▸ **Required action**: Find the line with "by (rule bexI)" in the entries below, then reproduce it and every line after it down to and including the line with "l \<mu> \<nu>) = sets", exactly.

▸ **Stored data**:
########

(* Assume the setting in the context (one-period case $T=1$). For every $P\in\mathcal{P}$, the set $$\Theta_P:=\big\{E^R[Y]:\ R\in\mathfrak{P}(\Omega_1),\ P\ll R\lll\mathcal{P},\ Y\in L^\infty(\mathcal{F}_1;\operatorname{Int}K_1^* )\big\}\subset\mathbb{R}^d$$ is convex and has nonempty interior.
   Context: $\Omega_1$ is a Polish space, $\mathcal{F}_1$ the universal completion of its Borel $\sigma$-field, $\mathfrak{P}(\Omega_1)$ the Borel probability measures on $\Omega_1$. $\mathcal{P}\subset\mathfrak{P}(\Omega_1)$ is a nonempty convex analytic set of probability measures (weak topology). $R\lll\mathcal{P}$ means $R\ll R'$ for some $R'\in\mathcal{P}$. $K_1:\Omega_1\to2^{\mathbb{R}^d}$ is a random set whose values are closed convex cones containing $\mathbb{R}^d_+$, Borel-measurable in the sense that $\{\omega:K_1(\omega)\cap O\ne\emptyset\}$ is Borel for every closed $O\subset\mathbb{R}^d$; $K_1^*(\omega):=\{y:\langle x,y\rangle\ge0\ \forall x\in K_1(\omega)\}$, and it is assumed that $K_1^*(\omega)\cap\partial\mathbb{R}^d_+=\{0\}$ and $\operatorname{Int}K_1^*(\omega)\neq\emptyset$ for all $\omega$. $L^\infty(\mathcal{F}_1;\operatorname{Int}K_1^* )$ denotes the set of uniformly bounded $\mathcal{F}_1$-measurable $Y:\Omega_1\to\mathbb{R}^d$ with $Y(\omega)\in\operatorname{Int}K_1^*(\omega)$ for all $\omega$. *)

theory Defs
  imports "HOL-Probability.Probability"
begin

definition prob_measures :: "('a::polish_space) measure set" where
  "prob_measures = {\<mu>. sets \<mu> = sets (borel :: 'a measure) \<and> prob_space \<mu>}"

definition weak_topology :: "('a::polish_space) measure topology" where
  "weak_topology = subtopology
     (topology_generated_by
        {{\<mu>. (\<integral>x. f x \<partial>\<mu>) \<in> U} | (f :: 'a \<Rightarrow> real) U.
            continuous_on UNIV f \<and> bounded (range f) \<and> open U})
     prob_measures"

definition baire_space :: "(nat \<Rightarrow> nat) topology" where
  "baire_space = product_topology (\<lambda>_. discrete_topology (UNIV :: nat set)) UNIV"

definition analytic_measures :: "('a::polish_space) measure set \<Rightarrow> bool" where
  "analytic_measures A \<longleftrightarrow> A \<subseteq> prob_measures \<and>
     (A = {} \<or> (\<exists>f. continuous_map baire_space weak_topology f \<and> f ` topspace baire_space = A))"

definition mix_measure :: "real \<Rightarrow> ('a::polish_space) measure \<Rightarrow> 'a measure \<Rightarrow> 'a measure" where
  "mix_measure l \<mu> \<nu> = measure_of UNIV (sets (borel :: 'a measure))
      (\<lambda>A. ennreal l * emeasure \<mu> A + ennreal (1 - l) * emeasure \<nu> A)"

definition convex_measures :: "('a::polish_space) measure set \<Rightarrow> bool" where
  "convex_measures A \<longleftrightarrow> (\<forall>\<mu>\<in>A. \<forall>\<nu>\<in>A. \<forall>l\<in>{0..1}. mix_measure l \<mu> \<nu> \<in> A)"

text \<open>R is dominated by the family: R << R' for some R' in the family.\<close>
definition dominated_by :: "'a measure \<Rightarrow> 'a measure set \<Rightarrow> bool" where
  "dominated_by R \<P> \<longleftrightarrow> (\<exists>R'\<in>\<P>. absolutely_continuous R' R)"

definition univ_sets :: "('a::polish_space) set set" where
  "univ_sets = (\<Inter>\<mu>\<in>prob_measures. sets (completion \<mu>))"

definition univ_measurable :: "(('a::polish_space) \<Rightarrow> 'b::topological_space) \<Rightarrow> bool" where
  "univ_measurable Y \<longleftrightarrow> (\<forall>B\<in>sets (borel :: 'b measure). Y -` B \<in> univ_sets)"

definition nonneg_orthant :: "(real ^ 'd) set" where
  "nonneg_orthant = {x. \<forall>i. 0 \<le> x $ i}"

definition dual_cone :: "(real ^ 'd) set \<Rightarrow> (real ^ 'd) set" where
  "dual_cone K = {y. \<forall>x\<in>K. 0 \<le> inner x y}"

definition borel_random_set :: "(('a::polish_space) \<Rightarrow> (real ^ 'd) set) \<Rightarrow> bool" where
  "borel_random_set K \<longleftrightarrow>
     (\<forall>C. closed C \<longrightarrow> {\<omega>. K \<omega> \<inter> C \<noteq> {}} \<in> sets (borel :: 'a measure))"

definition Linf_int_dual :: "(('a::polish_space) \<Rightarrow> (real ^ 'd) set) \<Rightarrow> ('a \<Rightarrow> real ^ 'd) set" where
  "Linf_int_dual K = {Y. univ_measurable Y \<and> bounded (range Y) \<and>
                         (\<forall>\<omega>. Y \<omega> \<in> interior (dual_cone (K \<omega>)))}"

text \<open>The set Theta_P; E^R[Y] is the integral w.r.t. the completion of R
  (the extension of R to the universally completed sigma-field).\<close>
definition Theta :: "('a::polish_space) measure set \<Rightarrow> ('a \<Rightarrow> (real ^ 'd) set) \<Rightarrow> 'a measure
                      \<Rightarrow> (real ^ 'd) set" where
  "Theta \<P> K P = {integral\<^sup>L (completion R) Y | R Y.
      R \<in> prob_measures \<and> absolutely_continuous R P \<and> dominated_by R \<P> \<and> Y \<in> Linf_int_dual K}"

end

theory Submission
  imports Defs
begin

text \<open>Convexity: a convex combination \<open>u E\<^sup>R\<^sup>1[Y\<^sub>1] + (1 - u) E\<^sup>R\<^sup>2[Y\<^sub>2]\<close> is \<open>E\<^sup>R[Y]\<close> for the
  mixture \<open>R = u R\<^sub>1 + (1 - u) R\<^sub>2\<close> and the selector \<open>Y = w Y\<^sub>1 + (1 - w) Y\<^sub>2\<close> with \<open>w = u dR\<^sub>1/dR\<close>;
  since \<open>Int K\<^sup>*\<close> is convex, \<open>Y\<close> is again admissible, and the mixture is dominated by the
  corresponding mixture in the convex family while still dominating \<open>P\<close>.

  Interior: Effros measurability of \<open>K\<close> makes \<open>{\<omega>. B \<subseteq> K\<^sup>*(\<omega>)}\<close> Borel for every closed
  ball \<open>B\<close>. Choosing for each \<open>\<omega>\<close> the first ball of a countable family that fits into
  \<open>K\<^sup>*(\<omega>) \<inter> cball 0 1\<close> gives a bounded Borel selector \<open>\<omega> \<mapsto> c (N \<omega>)\<close> with a whole ball of
  room around it. Some level set \<open>A = {N = n\<^sub>0}\<close> has \<open>P(A) = p > 0\<close>, and moving the selector
  by \<open>w\<close> on \<open>A\<close> (for \<open>|w| < r n\<^sub>0\<close>) moves \<open>E\<^sup>P[Y]\<close> by \<open>p w\<close>; so \<open>Theta\<close> contains a ball.\<close>

lemma prob_measuresD:
  assumes "\<mu> \<in> prob_measures"
  shows "sets \<mu> = sets borel" and "space \<mu> = UNIV" and "prob_space \<mu>"
proof -
  show sets: "sets \<mu> = sets borel" and "prob_space \<mu>"
    using assms unfolding prob_measures_def by auto
  show "space \<mu> = UNIV"
    using sets_eq_imp_space_eq[OF sets] by simp
qed

lemma measurable_prob_measures:
  assumes "\<mu> \<in> prob_measures"
  shows "measurable \<mu> N = measurable borel N"
  by (rule measurable_cong_sets[OF prob_measuresD(1)[OF assms] refl])

lemma univ_measurable_iff:
  "univ_measurable (Y :: 'a::polish_space \<Rightarrow> 'b::topological_space) \<longleftrightarrow>
     (\<forall>\<mu>\<in>prob_measures. Y \<in> borel_measurable (completion \<mu>))"
  unfolding univ_measurable_def univ_sets_def measurable_def
  by (auto simp: prob_measuresD(2))

lemma borel_measurable_imp_univ_measurable:
  fixes f :: "'a::polish_space \<Rightarrow> 'b::topological_space"
  assumes "f \<in> borel_measurable borel"
  shows "univ_measurable f"
  unfolding univ_measurable_iff
proof
  fix \<mu> :: "'a measure"
  assume "\<mu> \<in> prob_measures"
  then have "f \<in> borel_measurable \<mu>"
    using assms by (simp only: measurable_prob_measures)
  then show "f \<in> borel_measurable (completion \<mu>)"
    by (rule measurable_completion)
qed

lemma completion_ex_borel_measurable_euclidean:
  fixes Y :: "'a \<Rightarrow> 'b::euclidean_space"
  assumes Y: "Y \<in> borel_measurable (completion M)"
  shows "\<exists>g\<in>borel_measurable M. AE x in M. Y x = g x"
proof -
  have "\<exists>g\<in>borel_measurable M. AE x in M. Y x \<bullet> i = g x" for i
  proof -
    have "(\<lambda>x. Y x \<bullet> i) \<in> borel_measurable (completion M)"
      using Y by measurable
    then show ?thesis
      by (rule completion_ex_borel_measurable_real)
  qed
  then obtain g where g: "\<And>i. g i \<in> borel_measurable M" "\<And>i. AE x in M. Y x \<bullet> i = g i x"
    by metis
  have "AE x in M. \<forall>i\<in>Basis. Y x \<bullet> i = g i x"
    by (rule AE_finite_allI) (auto intro: g(2))
  then have "AE x in M. Y x = (\<Sum>i\<in>Basis. g i x *\<^sub>R i)"
  proof eventually_elim
    case (elim x)
    have "Y x = (\<Sum>i\<in>Basis. (Y x \<bullet> i) *\<^sub>R i)"
      by (rule euclidean_representation[symmetric])
    also have "\<dots> = (\<Sum>i\<in>Basis. g i x *\<^sub>R i)"
      using elim by (intro sum.cong) auto
    finally show ?case .
  qed
  moreover have "(\<lambda>x. \<Sum>i\<in>Basis. g i x *\<^sub>R i) \<in> borel_measurable M"
    using g(1) by measurable
  ultimately show ?thesis
    by (rule bexI)
qed

lemma integral_completion_AE_eq:
  fixes Y g :: "'a \<Rightarrow> 'b::{banach,second_countable_topology}"
  assumes Y: "Y \<in> borel_measurable (completion M)"
    and g: "g \<in> borel_measurable M" and ae: "AE x in M. Y x = g x"
  shows "integral\<^sup>L (completion M) Y = integral\<^sup>L M g"
proof -
  have "integral\<^sup>L (completion M) Y = integral\<^sup>L (completion M) g"
    by (rule integral_cong_AE[OF Y measurable_completion[OF g] AE_completion[OF ae]])
  also have "\<dots> = integral\<^sup>L M g"
    by (rule integral_completion[OF g])
  finally show ?thesis .
qed

lemma sets_mix_measure [simp]: "sets (mix_measure l \<mu> \<nu>) = sets (borel :: 'a::polish_space measure)"
  unfolding mix_measure_def by (metis sets.sets_measure_of_eq space_borel)

lemma emeasure_mix_measure:
  assumes "\<mu> \<in> prob_measures" "\<nu> \<in> prob_measures" and A: "A \<in> sets (borel :: 'a::polish_space measure)"
  shows "emeasure (mix_measure l \<mu> \<nu>) A = ennreal l * emeasure \<mu> A + ennreal (1 - l) * emeasure \<nu> A"
  unfolding mix_measure_def
proof (rule emeasure_measure_of_sigma[OF _ _ _ A])
  show "sigma_algebra UNIV (sets (borel :: 'a measure))"
    by (metis sets.sigma_algebra_axioms space_borel)
  show "positive (sets borel) (\<lambda>A. ennreal l * emeasure \<mu> A + ennreal (1 - l) * emeasure \<nu> A)"
    unfolding positive_def by simp
  show "countably_additive (sets borel) (\<lambda>A. ennreal l * emeasure \<mu> A + ennreal (1 - l) * emeasure \<nu> A)"
    unfolding countably_additive_def
  proof (intro allI impI)
    fix F :: "nat \<Rightarrow> 'a set"
    assume F: "range F \<subseteq> sets borel" "disjoint_family F" "\<Union> (range F) \<in> sets borel"
    have "(\<Sum>i. ennreal l * emeasure \<mu> (F i) + ennreal (1 - l) * emeasure \<nu> (F i))
        = (\<Sum>i. ennreal l * emeasure \<mu> (F i)) + (\<Sum>i. ennreal (1 - l) * emeasure \<nu> (F i))"
      by (rule suminf_add[symmetric]) auto
    also have "\<dots> = ennreal l * (\<Sum>i. emeasure \<mu> (F i)) + ennreal (1 - l) * (\<Sum>i. emeasure \<nu> (F i))"
      by (simp add: ennreal_suminf_cmult)
    also have "\<dots> = ennreal l * emeasure \<mu> (\<Union> (range F)) + ennreal (1 - l) * emeasure \<nu> (\<Union> (range F))"
      using F prob_measuresD(1)[OF assms(1)] prob_measuresD(1)[OF assms(2)] by (simp add: suminf_emeasure)
    finally show "(\<Sum>i. ennreal l * emeasure \<mu> (F i) + ennreal (1 - l) * emeasure \<nu> (F i)) =
         ennreal l * emeasure \<mu> (\<Union> (range F)) + ennreal (1 - l) * emeasure \<nu> (\<Union> (range F))" .
  qed
qed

########

▸ **Result**:
    by (rule bexI)
qed

lemma integral_completion_AE_eq:
  fixes Y g :: "'a \<Rightarrow> 'b::{banach,second_countable_topology}"
  assumes Y: "Y \<in> borel_measurable (completion M)"
    and g: "g \<in> borel_measurable M" and ae: "AE x in M. Y x = g x"
  shows "integral\<^sup>L (completion M) Y = integral\<^sup>L M g"
proof -
  have "integral\<^sup>L (completion M) Y = integral\<^sup>L (completion M) g"
    by (rule integral_cong_AE[OF Y measurable_completion[OF g] AE_completion[OF ae]])
  also have "\<dots> = integral\<^sup>L M g"
    by (rule integral_completion[OF g])
  finally show ?thesis .
qed

lemma sets_mix_measure [simp]: "sets (mix_measure l \<mu> \<nu>) = sets (borel :: 'a::polish_space measure)"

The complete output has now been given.